Vanishing gradient is not a problem. It is a feature of stacking something upon something that depends on something else and so on. It is like falling dominoes but with increasing piece on each step. Because chaining function after function after function after function after function, where all the functions are summing, and at the end doing a ReLU, you are going to get your output values blowing up! Vanishing gradients is not a problem, it is how it is supposed to work. The math is right, at the lower layers you can't use big gradients because they are going to affect the output layer exponentialy.
And also, cut the first minute and a half of the video because it is just loss of time.
If the gradient (of loss) is small, doesn't it imply that a very small update is required?

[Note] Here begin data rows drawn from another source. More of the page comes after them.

(* Let $\mathcal{X}$ be a subcategory of $\mathcal{C}$ closed under extensions and CoCones, and let $\mathcal{W}$ be an $\mathcal{X}$-injective cogenerator for $\mathcal{X}$. Then $(\mathcal{X},\widehat{\mathcal{W}})$ is a cotorsion pair on the extriangulated category $\widehat{\mathcal{X}}$ (with the extriangulated structure restricted from $\mathcal{C}$).
   Context: $\mathcal{C}=(\mathcal{C},\mathbb{E},\mathfrak{s})$ is an extriangulated category (in the sense of Nakaoka–Palu) with enough projectives and enough injectives; a conflation realizing $\delta\in\mathbb{E}(C,A)$ is written as an $\mathbb{E}$-triangle $A\to B\to C\dashrightarrow$. All subcategories are full, additive, closed under isomorphisms and direct summands. Higher extensions: $\mathbb{E}^1=\mathbb{E}$, $\mathbb{E}^{i+1}(X,Y)=\mathbb{E}(X,\Sigma^iY)\cong\mathbb{E}(\Omega^iX,Y)$. $\mathcal{X}$ is extension-closed if for every $\mathbb{E}$-triangle $A\to B\to C\dashrightarrow$ with $A,C\in\mathcal{X}$ one has $B\in\mathcal{X}$; closed under CoCones if for every such $\mathbb{E}$-triangle with $B,C\in\mathcal{X}$ one has $A\in\mathcal{X}$. $\mathcal{W}$ is an $\mathcal{X}$-injective cogenerator for $\mathcal{X}$ if $\mathcal{W}\subseteq\mathcal{X}$, for each $X\in\mathcal{X}$ there is an $\mathbb{E}$-triangle $X\to W\to X'\dashrightarrow$ with $W\in\mathcal{W}$, $X'\in\mathcal{X}$, and $\mathbb{E}^i(X,W)=0$ for all $X\in\mathcal{X}$, $W\in\mathcal{W}$, $i\ge1$. For a subcategory $\mathcal{Z}$ and $n\ge0$, $\widehat{\mathcal{Z}}_n$ is the class of objects $C$ for which there exist $\mathbb{E}$-triangles $K_{i+1}\to Z_i\to K_i\dashrightarrow$ ($0\le i\le n-1$) with $K_0=C$, all $Z_i\in\mathcal{Z}$ and $K_n\in\mathcal{Z}$; $\widehat{\mathcal{Z}}=\bigcup_n\widehat{\mathcal{Z}}_n$ ($\widehat{\mathcal{X}}$ is extension-closed in $\mathcal{C}$ under these hypotheses, hence extriangulated). A pair $(\mathcal{U},\mathcal{V})$ of subcategories of an extriangulated category $\mathcal{D}$ is a cotorsion pair on $\mathcal{D}$ if $\mathbb{E}(\mathcal{U},\mathcal{V})=0$ and every $C\in\mathcal{D}$ admits $\mathbb{E}$-triangles $V_C\to U_C\to C\dashrightarrow$ and $C\to V^C\to U^C\dashrightarrow$ in $\mathcal{D}$ with $U_C,U^C\in\mathcal{U}$, $V_C,V^C\in\mathcal{V}$. *)

theory Defs
  imports Main
begin

text \<open>
An extriangulated category in the sense of Nakaoka--Palu, encoded concretely.
Objects have type 'o, morphisms type 'm (each morphism carries its domain and
codomain via mdom / mcod), and elements of the bifunctor E have type 'e.
Ext T C A is the abelian group E(C,A); an E-triangle A -x-> B -y-> C with
delta in E(C,A) is realised when real T delta x y holds.
epush T C a delta is a_* delta (for a : A -> B, delta in E(C,A)),
epull T A c delta is c^* delta (for c : C' -> C, delta in E(C,A)).
\<close>

record ('o, 'm, 'e) extri =
  obj   :: "'o set"
  mor   :: "'m set"
  mdom  :: "'m \<Rightarrow> 'o"
  mcod  :: "'m \<Rightarrow> 'o"
  cmp   :: "'m \<Rightarrow> 'm \<Rightarrow> 'm"   (* cmp g f = g o f *)
  idm   :: "'o \<Rightarrow> 'm"
  madd  :: "'m \<Rightarrow> 'm \<Rightarrow> 'm"
  mzero :: "'o \<Rightarrow> 'o \<Rightarrow> 'm"
  Ext   :: "'o \<Rightarrow> 'o \<Rightarrow> 'e set"
  eadd  :: "'o \<Rightarrow> 'o \<Rightarrow> 'e \<Rightarrow> 'e \<Rightarrow> 'e"
  ezero :: "'o \<Rightarrow> 'o \<Rightarrow> 'e"
  epush :: "'o \<Rightarrow> 'm \<Rightarrow> 'e \<Rightarrow> 'e"
  epull :: "'o \<Rightarrow> 'm \<Rightarrow> 'e \<Rightarrow> 'e"
  real  :: "'e \<Rightarrow> 'm \<Rightarrow> 'm \<Rightarrow> bool"

definition hom :: "('o,'m,'e) extri \<Rightarrow> 'o \<Rightarrow> 'o \<Rightarrow> 'm set" where
  "hom T A B = {f \<in> mor T. mdom T f = A \<and> mcod T f = B}"

definition is_iso :: "('o,'m,'e) extri \<Rightarrow> 'o \<Rightarrow> 'o \<Rightarrow> 'm \<Rightarrow> bool" where
  "is_iso T A B f \<longleftrightarrow> f \<in> hom T A B \<and>
     (\<exists>g \<in> hom T B A. cmp T g f = idm T A \<and> cmp T f g = idm T B)"

definition isomorphic :: "('o,'m,'e) extri \<Rightarrow> 'o \<Rightarrow> 'o \<Rightarrow> bool" where
  "isomorphic T A B \<longleftrightarrow> (\<exists>f. is_iso T A B f)"

definition is_zero_obj :: "('o,'m,'e) extri \<Rightarrow> 'o \<Rightarrow> bool" where
  "is_zero_obj T Z \<longleftrightarrow> Z \<in> obj T \<and> idm T Z = mzero T Z Z"

definition is_biproduct ::
  "('o,'m,'e) extri \<Rightarrow> 'o \<Rightarrow> 'o \<Rightarrow> 'o \<Rightarrow> 'm \<Rightarrow> 'm \<Rightarrow> 'm \<Rightarrow> 'm \<Rightarrow> bool" where
  "is_biproduct T A B S i1 i2 p1 p2 \<longleftrightarrow>
     i1 \<in> hom T A S \<and> i2 \<in> hom T B S \<and> p1 \<in> hom T S A \<and> p2 \<in> hom T S B \<and>
     cmp T p1 i1 = idm T A \<and> cmp T p2 i2 = idm T B \<and>
     cmp T p1 i2 = mzero T B A \<and> cmp T p2 i1 = mzero T A B \<and>
     madd T (cmp T i1 p1) (cmp T i2 p2) = idm T S"
definition is_temporal :: "'p signature \<Rightarrow> 'p \<Rightarrow> bool" where
  "is_temporal sig p = (\<exists>n. snd (sig p) = Temporal n)"

definition is_rigid :: "'p signature \<Rightarrow> 'p \<Rightarrow> bool" where
  "is_rigid sig p = (\<exists>n. snd (sig p) = Rigid n)"

fun wf_atom :: "'p signature \<Rightarrow> ('p,'o) atom \<Rightarrow> bool" where
  "wf_atom sig (Atom p os t) =
     (case snd (sig p) of Rigid n \<Rightarrow> length os = n \<and> t = None
                        | Temporal n \<Rightarrow> length os = n \<and> t \<noteq> None)"

fun wf_gatom :: "'p signature \<Rightarrow> ('p,'o) gatom \<Rightarrow> bool" where
  "wf_gatom sig (GA p os t) =
     (case snd (sig p) of Rigid n \<Rightarrow> length os = n \<and> t = None
                        | Temporal n \<Rightarrow> length os = n \<and> t \<noteq> None)"

definition wf_rule :: "'p signature \<Rightarrow> ('p,'o) rule \<Rightarrow> bool" where
  "wf_rule sig r =
     ((\<forall>a\<in>set (snd r # fst r). wf_atom sig a)
      \<and> (fst r \<noteq> [] \<longrightarrow> \<not> is_edb sig (apred (snd r)))
      \<and> aovars (snd r) \<subseteq> (\<Union>a\<in>set (fst r). aovars a)
      \<and> atvars (snd r) \<subseteq> (\<Union>a\<in>set (fst r). atvars a))"

definition wf_program :: "'p signature \<Rightarrow> ('p,'o) rule set \<Rightarrow> bool" where
  "wf_program sig \<Pi> = (finite \<Pi> \<and> (\<forall>r\<in>\<Pi>. wf_rule sig r))"

definition rule_atoms :: "('p,'o) rule \<Rightarrow> ('p,'o) atom set" where
  "rule_atoms r = set (snd r # fst r)"

definition preds_of :: "('p,'o) rule set \<Rightarrow> 'p set" where
  "preds_of \<Pi> = {apred a | a r. r \<in> \<Pi> \<and> a \<in> rule_atoms r}"

fun fact_rule :: "('p,'o) gatom \<Rightarrow> ('p,'o) rule" where
  "fact_rule (GA p os t) = ([], Atom p (map OC os) (map_option TC t))"

fun oinst :: "(nat \<Rightarrow> 'o) \<Rightarrow> 'o oterm \<Rightarrow> 'o" where
  "oinst \<nu> (OC c) = c" | "oinst \<nu> (OV x) = \<nu> x"
fun tinst :: "(nat \<Rightarrow> int) \<Rightarrow> tterm \<Rightarrow> int" where
  "tinst \<mu> (TC c) = c" | "tinst \<mu> (TV t k) = \<mu> t + k"
fun inst :: "(nat \<Rightarrow> 'o) \<Rightarrow> (nat \<Rightarrow> int) \<Rightarrow> ('p,'o) atom \<Rightarrow> ('p,'o) gatom" where
  "inst \<nu> \<mu> (Atom p os t) = GA p (map (oinst \<nu>) os) (map_option (tinst \<mu>) t)"

text \<open>(Herbrand) interpretations are sets of ground atoms; time is interpreted in the
  integers with + as integer addition; rules are universally quantified.\<close>
definition is_model :: "('p,'o) rule set \<Rightarrow> ('p,'o) gatom set \<Rightarrow> bool" where
  "is_model \<Pi> I = (\<forall>r\<in>\<Pi>. \<forall>\<nu> \<mu>. (\<forall>a\<in>set (fst r). inst \<nu> \<mu> a \<in> I) \<longrightarrow> inst \<nu> \<mu> (snd r) \<in> I)"

definition entails :: "('p,'o) rule set \<Rightarrow> ('p,'o) gatom \<Rightarrow> bool" where
  "entails \<Pi> \<alpha> = (\<forall>I. is_model \<Pi> I \<longrightarrow> \<alpha> \<in> I)"

definition dataset :: "'p signature \<Rightarrow> ('p,'o) gatom set \<Rightarrow> bool" where
  "dataset sig D = (finite D \<and> (\<forall>\<alpha>\<in>D. wf_gatom sig \<alpha> \<and> is_edb sig (gpred \<alpha>)))"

Hey sandesh - Good question.
Michael Nielsen addresses this question in chapter 5 of his book, and I think it's a nice explanation. I'll link to the full chapter, but I've included the relevant excerpt below. Let me know if this helps clarify.
neuralnetworksanddeeplearning.com/chap5.html
"One response to vanishing (or unstable) gradients is to wonder if they're really such a problem. Momentarily stepping away from neural nets, imagine we were trying to numerically minimize a function f(x) of a single variable. Wouldn't it be good news if the derivative fâČ(x) was small? Wouldn't that mean we were already near an extremum? In a similar way, might the small gradient in early layers of a deep network mean that we don't need to do much adjustment of the weights and biases?

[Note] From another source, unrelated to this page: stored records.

(* In the personalized Bayesian linear regression model with DP described in the context, suppose $\mathbf{X}_n^{\intercal}\mathbf{X}_n=\rho\mathbf{I}_d$ for all $n$, with $\rho>0$. Then the DP-perturbed optimal personalized model is $$\tilde{\boldsymbol{\varpi}}_n^{\ast}(\lambda)=\frac{b}{(2-\lambda)\rho+b\lambda}\Big(\Big(\frac{(2-\lambda)\rho}{b}+\frac{\lambda}{N}\Big)\hat{\boldsymbol{u}}_n+\frac{\lambda}{N}\sum_{m\ne n}\hat{\boldsymbol{u}}_m+\frac{\lambda}{N}\sum_{m=1}^N\mathbf{z}_m\Big),$$ and, conditionally on the estimates $\hat{\boldsymbol{u}}_1,\dots,\hat{\boldsymbol{u}}_N$, the optimal local model satisfies $$\boldsymbol{u}_n^{\ast}=\frac{\sigma_w^2\rho}{\sigma^2}\hat{\boldsymbol{u}}_n+\frac{\sigma_w^2\rho}{\sigma^2+N\zeta^2\rho}\sum_{m\ne n}\hat{\boldsymbol{u}}_m+\boldsymbol{\vartheta}_n,$$ where $\boldsymbol{\vartheta}_n\sim\mathcal{N}(0,\sigma_w^2\mathbf{I}_d)$ and $\sigma_w^2=\Big(\frac{N-1}{\sigma^2/\rho+N\zeta^2}+\frac{\rho}{\sigma^2}\Big)^{-1}$.
   Context: Model: $N$ clients, each with $b$ samples $\mathbf{X}_n\in\mathbb{R}^{b\times d}$, $\mathbf{Y}_n\in\mathbb{R}^b$. The optimal global model $\boldsymbol{\omega}^{\ast}$ has the non-informative (uniform) prior on $\mathbb{R}^d$; $\boldsymbol{u}_n^{\ast}=\boldsymbol{\omega}^{\ast}+\boldsymbol{\tau}_n$ with $\boldsymbol{\tau}_n\sim\mathcal{N}(0,\zeta^2\mathbf{I}_d)$ i.i.d.; $\mathbf{Y}_n=\mathbf{X}_n\boldsymbol{u}_n^{\ast}+\boldsymbol{\nu}_n$ with $\boldsymbol{\nu}_n\sim\mathcal{N}(0,\sigma^2\mathbf{I}_b)$. Local loss $F_n(\boldsymbol{u})=\frac1b\|\mathbf{X}_n\boldsymbol{u}-\mathbf{Y}_n\|^2$; local estimate $\hat{\boldsymbol{u}}_n=(\mathbf{X}_n^{\intercal}\mathbf{X}_n)^{-1}\mathbf{X}_n^{\intercal}\mathbf{Y}_n$. With DP, the server receives $\tilde{\boldsymbol{u}}_n=\hat{\boldsymbol{u}}_n+\mathbf{z}_n$, $\mathbf{z}_n\sim\mathcal{N}(0,\sigma_u^2\mathbf{I}_d)$ i.i.d., and forms $\tilde{\boldsymbol{\omega}}^{\ast}=\sum_{n=1}^N(\mathbf{X}^{\intercal}\mathbf{X})^{-1}\mathbf{X}_n^{\intercal}\mathbf{X}_n\tilde{\boldsymbol{u}}_n$, where $\mathbf{X}=(\mathbf{X}_1^{\top}\cdots\mathbf{X}_N^{\top})^{\top}$. For $\lambda\in[0,2]$, $\tilde{\boldsymbol{\varpi}}_n^{\ast}(\lambda)=\arg\min_{\boldsymbol{\varpi}}\big[(1-\frac{\lambda}{2})F_n(\boldsymbol{\varpi})+\frac{\lambda}{2}\|\boldsymbol{\varpi}-\tilde{\boldsymbol{\omega}}^{\ast}\|^2\big]$. *)

theory Defs
  imports "HOL-Probability.Probability"
begin

text \<open>Clients are indexed by a finite type 'c (N = CARD('c)), samples per client by a
finite type 'b (b = CARD('b)), model coordinates by a finite type 'd (d = CARD('d)).
A local design matrix X_n is a b x d matrix of type real^'d^'b.\<close>

definition num_clients :: "'c::finite itself \<Rightarrow> real" where
  "num_clients _ = real CARD('c)"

Of course, this isn't the case. Recall that we randomly initialized the weight and biases in the network. It is extremely unlikely our initial weights and biases will do a good job at whatever it is we want our network to do. To be concrete, consider the first layer of weights in a [784,30,30,30,10] network for the MNIST problem. The random initialization means the first layer throws away most information about the input image. Even if later layers have been extensively trained, they will still find it extremely difficult to identify the input image, simply because they don't have enough information. And so it can't possibly be the case that not much learning needs to be done in the first layer. If we're going to train deep networks, we need to figure out how to address the vanishing gradient problem."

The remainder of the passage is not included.